lemma cpoint_flip:
  assumes "g \<in> carrier G" "s \<in> S" "s \<noteq> \<one>" "t \<in> {0..1}"
  shows "cpoint (g \<otimes> s) (inv s) (1 - t) = cpoint g s t"
proof -
  have "g \<otimes> s \<otimes> inv s = g" using assms by (simp add: m_assoc S_carrier)
  moreover have "inv s \<noteq> \<one>" using assms(3) S_carrier[OF assms(2)] by (metis inv_one inv_inv)
  ultimately show ?thesis using assms S_carrier[OF assms(2)] by (auto simp: cayley_point_def insert_commute)
qed

definition endpoint :: "'a \<Rightarrow> 'a \<Rightarrow> real \<Rightarrow> 'a" where
  "endpoint g s t = (if t = 0 then g else g \<otimes> s)"

lemma cpoint_eq_cases:
  assumes "t \<in> {0..1}" "t' \<in> {0..1}" "cpoint g s t = cpoint g' s' t'"
  shows "(t \<in> {0, 1} \<and> t' \<in> {0, 1} \<and> endpoint g s t = endpoint g' s' t') \<or>
    (0 < t \<and> t < 1 \<and> ((g', s', t') = (g, s, t) \<or> (g', s', t') = (g \<otimes> s, inv s, 1 - t)))"
proof (cases "t \<in> {0, 1}"; cases "t' \<in> {0, 1}")
  assume "t \<notin> {0, 1}" "t' \<notin> {0, 1}"
  then have "0 < t" "t < 1" "0 < t'" "t' < 1" using assms(1,2) by auto
  then have "(g', s', t') \<in> (if s = \<one> then {(g, s, t)} else {(g, s, t), (g \<otimes> s, inv s, 1 - t)})"
    using assms(3) cpoint_interior[of t g s] cpoint_interior[of t' g' s'] by auto
  then show ?thesis using \<open>0 < t\<close> \<open>t < 1\<close> by (auto split: if_splits)
qed (use assms in \<open>auto simp: cayley_point_def endpoint_def split: if_splits\<close>)

definition edge_height :: "'a \<Rightarrow> 'a \<Rightarrow> real \<Rightarrow> real" where
  "edge_height g s t = (1 - t) * len g + t * len (g \<otimes> s)"

definition height :: "'a + ('a \<times> 'a \<times> real) set \<Rightarrow> real" where
  "height y = (THE r. \<exists>g s t. g \<in> carrier G \<and> s \<in> S \<and> t \<in> {0..1} \<and> y = cpoint g s t \<and> r = edge_height g s t)"

lemma edge_height_cong:
  assumes "g \<in> carrier G" "s \<in> S" "t \<in> {0..1}" "t' \<in> {0..1}" "cpoint g s t = cpoint g' s' t'"
  shows "edge_height g s t = edge_height g' s' t'"
proof -
  have "g \<otimes> s \<otimes> inv s = g" using assms(1,2) by (simp add: m_assoc S_carrier)
  then have "edge_height (g \<otimes> s) (inv s) (1 - t) = edge_height g s t"
    unfolding edge_height_def by (simp add: algebra_simps)
  then show ?thesis
    using cpoint_eq_cases[OF assms(3-5)] by (auto simp: edge_height_def endpoint_def)
qed

lemma height_cpoint:
  assumes "g \<in> carrier G" "s \<in> S" "t \<in> {0..1}"
  shows "height (cpoint g s t) = edge_height g s t"
  unfolding height_def
proof (rule the_equality)
  fix r assume "\<exists>g' s' t'. g' \<in> carrier G \<and> s' \<in> S \<and> t' \<in> {0..1} \<and> cpoint g s t = cpoint g' s' t' \<and> r = edge_height g' s' t'"
  then show "r = edge_height g s t" using edge_height_cong[OF assms] by metis
qed (use assms in blast)
lemma exp_prim_has_field_derivative:
  assumes "f holomorphic_on ball 0 1" and "z \<in> ball 0 1"
  shows "(exp_prim f has_field_derivative f z * exp_prim f z) (at z)"
  unfolding exp_prim_def[abs_def]
  using DERIV_chain2[OF DERIV_exp prim_has_field_derivative[OF assms(1) _ _ _ assms(2)]]
  by (simp add: mult.commute)

lemma holomorphic_exp_prim: "f holomorphic_on ball 0 1 \<Longrightarrow> exp_prim f holomorphic_on ball 0 1"
  using exp_prim_has_field_derivative by (metis holomorphic_on_open open_ball)

lemma tcoeff_eq_higher_deriv_exp_prim: "tcoeff f k = (deriv ^^ k) (exp_prim f) 0 / fact k"
  by (simp add: tcoeff_def exp_prim_def[abs_def])

lemma tcoeff_0 [simp]: "tcoeff f 0 = 1"
  by (simp add: tcoeff_def prim_def)

lemma exp_prim_sums:
  assumes "f holomorphic_on ball 0 1" and "z \<in> ball 0 1"
  shows "(\<lambda>k. tcoeff f k * z ^ k) sums exp_prim f z"
  using holomorphic_power_series[OF holomorphic_exp_prim[OF assms(1)] assms(2)]
  by (simp add: tcoeff_eq_higher_deriv_exp_prim)

lemma norm_exp_prim_bounds:
  assumes hol: "f holomorphic_on ball 0 1"
    and M: "\<And>z. z \<in> ball 0 1 \<Longrightarrow> norm (f z) \<le> M" and z: "z \<in> ball 0 1"
  shows "norm (exp_prim f z) \<le> exp M" "exp (- M) \<le> norm (exp_prim f z)"
proof -
  have "norm (prim f z) \<le> M * norm z" by (rule norm_prim_le[OF hol _ _ _ z M]) auto
  also have "\<dots> \<le> M"
    using z order_trans[OF norm_ge_zero M[of 0]] by (intro mult_left_le) auto
  finally have "\<bar>Re (prim f z)\<bar> \<le> M" using abs_Re_le_cmod[of "prim f z"] by linarith
  then show "norm (exp_prim f z) \<le> exp M" "exp (- M) \<le> norm (exp_prim f z)"
    by (auto simp: exp_prim_def norm_exp_eq_Re)
qed

section \<open>Bessel's inequality for Taylor coefficients\<close>

definition turn :: "real \<Rightarrow> complex" where
  "turn t = exp (2 * of_real pi * \<i> * of_real t)"

lemma norm_turn [simp]: "norm (turn t) = 1"
  unfolding turn_def by (simp add: norm_exp_eq_Re)

lemma cnj_turn: "cnj (turn t) = inverse (turn t)"
  unfolding turn_def by (simp add: exp_cnj exp_minus[symmetric])

lemma turn_nonzero [simp]: "turn t \<noteq> 0"
  unfolding turn_def by simp

lemma continuous_on_turn: "continuous_on A turn"
  unfolding turn_def by (intro continuous_intros)

lemma higher_deriv_eq_coeff_if_sums:
  fixes g :: "complex \<Rightarrow> complex"
  assumes "\<And>z. z \<in> ball 0 1 \<Longrightarrow> (\<lambda>k. b k * z ^ k) sums g z"
  shows "(deriv ^^ k) g 0 / fact k = b k"
proof -
  have ev: "eventually (\<lambda>u. u \<in> ball 0 1) (nhds (0::complex))"
    by (intro eventually_nhds_in_open) auto
  have "g has_fps_expansion Abs_fps b"
    by (rule has_fps_expansionI, rule eventually_mono[OF ev]) (use assms in simp)
  from fps_nth_fps_expansion[OF this, of k] show ?thesis by simp
qed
================
[YOUR TASK] Retype every entry exactly.

[YOUR SOLUTION]
lemma cpoint_flip:
  assumes "g \<in> carrier G" "s \<in> S" "s \<noteq> \<one>" "t \<in> {0..1}"
  shows "cpoint (g \<otimes> s) (inv s) (1 - t) = cpoint g s t"
proof -
  have "g \<otimes> s \<otimes> inv s = g" using assms by (simp add: m_assoc S_carrier)
  moreover have "inv s \<noteq> \<one>" using assms(3) S_carrier[OF assms(2)] by (metis inv_one inv_inv)
  ultimately show ?thesis using assms S_carrier[OF assms(2)] by (auto simp: cayley_point_def insert_commute)
qed

definition endpoint :: "'a \<Rightarrow> 'a \<Rightarrow> real \<Rightarrow> 'a" where
  "endpoint g s t = (if t = 0 then g else g \<otimes> s)"

lemma cpoint_eq_cases:
  assumes "t \<in> {0..1}" "t' \<in> {0..1}" "cpoint g s t = cpoint g' s' t'"
  shows "(t \<in> {0, 1} \<and> t' \<in> {0, 1} \<and> endpoint g s t = endpoint g' s' t') \<or>
    (0 < t \<and> t < 1 \<and> ((g', s', t') = (g, s, t) \<or> (g', s', t') = (g \<otimes> s, inv s, 1 - t)))"
proof (cases "t \<in> {0, 1}"; cases "t' \<in> {0, 1}")
  assume "t \<notin> {0, 1}" "t' \<notin> {0, 1}"
  then have "0 < t" "t < 1" "0 < t'" "t' < 1" using assms(1,2) by auto
  then have "(g', s', t') \<in> (if s = \<one> then {(g, s, t)} else {(g, s, t), (g \<otimes> s, inv s, 1 - t)})"
    using assms(3) cpoint_interior[of t g s] cpoint_interior[of t' g' s'] by auto
  then show ?thesis using \<open>0 < t\<close> \<open>t < 1\<close> by (auto split: if_splits)
qed (use assms in \<open>auto simp: cayley_point_def endpoint_def split: if_splits\<close>)

definition edge_height :: "'a \<Rightarrow> 'a \<Rightarrow> real \<Rightarrow> real" where
  "edge_height g s t = (1 - t) * len g + t * len (g \<otimes> s)"

definition height :: "'a + ('a \<times> 'a \<times> real) set \<Rightarrow> real" where
  "height y = (THE r. \<exists>g s t. g \<in> carrier G \<and> s \<in> S \<and> t \<in> {0..1} \<and> y = cpoint g s t \<and> r = edge_height g s t)"

lemma edge_height_cong:
  assumes "g \<in> carrier G" "s \<in> S" "t \<in> {0..1}" "t' \<in> {0..1}" "cpoint g s t = cpoint g' s' t'"
  shows "edge_height g s t = edge_height g' s' t'"
proof -
  have "g \<otimes> s \<otimes> inv s = g" using assms(1,2) by (simp add: m_assoc S_carrier)
  then have "edge_height (g \<otimes> s) (inv s) (1 - t) = edge_height g s t"
    unfolding edge_height_def by (simp add: algebra_simps)
  then show ?thesis
    using cpoint_eq_cases[OF assms(3-5)] by (auto simp: edge_height_def endpoint_def)
qed

lemma height_cpoint:
  assumes "g \<in> carrier G" "s \<in> S" "t \<in> {0..1}"
  shows "height (cpoint g s t) = edge_height g s t"
  unfolding height_def
proof (rule the_equality)
  fix r assume "\<exists>g' s' t'. g' \<in> carrier G \<and> s' \<in> S \<and> t' \<in> {0..1} \<and> cpoint g s t = cpoint g' s' t' \<and> r = edge_height g' s' t'"
  then show "r = edge_height g s t" using edge_height_cong[OF assms] by metis
qed (use assms in blast)
lemma exp_prim_has_field_derivative:
  assumes "f holomorphic_on ball 0 1" and "z \<in> ball 0 1"
  shows "(exp_prim f has_field_derivative f z * exp_prim f z) (at z)"
  unfolding exp_prim_def[abs_def]
  using DERIV_chain2[OF DERIV_exp prim_has_field_derivative[OF assms(1) _ _ _ assms(2)]]
  by (simp add: mult.commute)

lemma holomorphic_exp_prim: "f holomorphic_on ball 0 1 \<Longrightarrow> exp_prim f holomorphic_on ball 0 1"
  using exp_prim_has_field_derivative by (metis holomorphic_on_open open_ball)

lemma tcoeff_eq_higher_deriv_exp_prim: "tcoeff f k = (deriv ^^ k) (exp_prim f) 0 / fact k"
  by (simp add: tcoeff_def exp_prim_def[abs_def])

lemma tcoeff_0 [simp]: "tcoeff f 0 = 1"
  by (simp add: tcoeff_def prim_def)

lemma exp_prim_sums:
  assumes "f holomorphic_on ball 0 1" and "z \<in> ball 0 1"
  shows "(\<lambda>k. tcoeff f k * z ^ k) sums exp_prim f z"
  using holomorphic_power_series[OF holomorphic_exp_prim[OF assms(1)] assms(2)]
  by (simp add: tcoeff_eq_higher_deriv_exp_prim)

lemma norm_exp_prim_bounds:
  assumes hol: "f holomorphic_on ball 0 1"
    and M: "\<And>z. z \<in> ball 0 1 \<Longrightarrow> norm (f z) \<le> M" and z: "z \<in> ball 0 1"
  shows "norm (exp_prim f z) \<le> exp M" "exp (- M) \<le> norm (exp_prim f z)"
proof -
  have "norm (prim f z) \<le> M * norm z" by (rule norm_prim_le[OF hol _ _ _ z M]) auto
  also have "\<dots> \<le> M"
    using z order_trans[OF norm_ge_zero M[of 0]] by (intro mult_left_le) auto
  finally have "\<bar>Re (prim f z)\<bar> \<le> M" using abs_Re_le_cmod[of "prim f z"] by linarith
  then show "norm (exp_prim f z) \<le> exp M" "exp (- M) \<le> norm (exp_prim f z)"
    by (auto simp: exp_prim_def norm_exp_eq_Re)
qed

section \<open>Bessel's inequality for Taylor coefficients\<close>

definition turn :: "real \<Rightarrow> complex" where
  "turn t = exp (2 * of_real pi * \<i> * of_real t)"

lemma norm_turn [simp]: "norm (turn t) = 1"
  unfolding turn_def by (simp add: norm_exp_eq_Re)

lemma cnj_turn: "cnj (turn t) = inverse (turn t)"
  unfolding turn_def by (simp add: exp_cnj exp_minus[symmetric])

lemma turn_nonzero [simp]: "turn t \<noteq> 0"
  unfolding turn_def by simp

lemma continuous_on_turn: "continuous_on A turn"
  unfolding turn_def by (intro continuous_intros)

lemma higher_deriv_eq_coeff_if_sums:
  fixes g :: "complex \<Rightarrow> complex"
  assumes "\<And>z. z \<in> ball 0 1 \<Longrightarrow> (\<lambda>k. b k * z ^ k) sums g z"
  shows "(deriv ^^ k) g 0 / fact k = b k"
proof -
  have ev: "eventually (\<lambda>u. u \<in> ball 0 1) (nhds (0::complex))"
    by (intro eventually_nhds_in_open) auto
  have "g has_fps_expansion Abs_fps b"
    by (rule has_fps_expansionI, rule eventually_mono[OF ev]) (use assms in simp)
  from fps_nth_fps_expansion[OF this, of k] show ?thesis by simp
qed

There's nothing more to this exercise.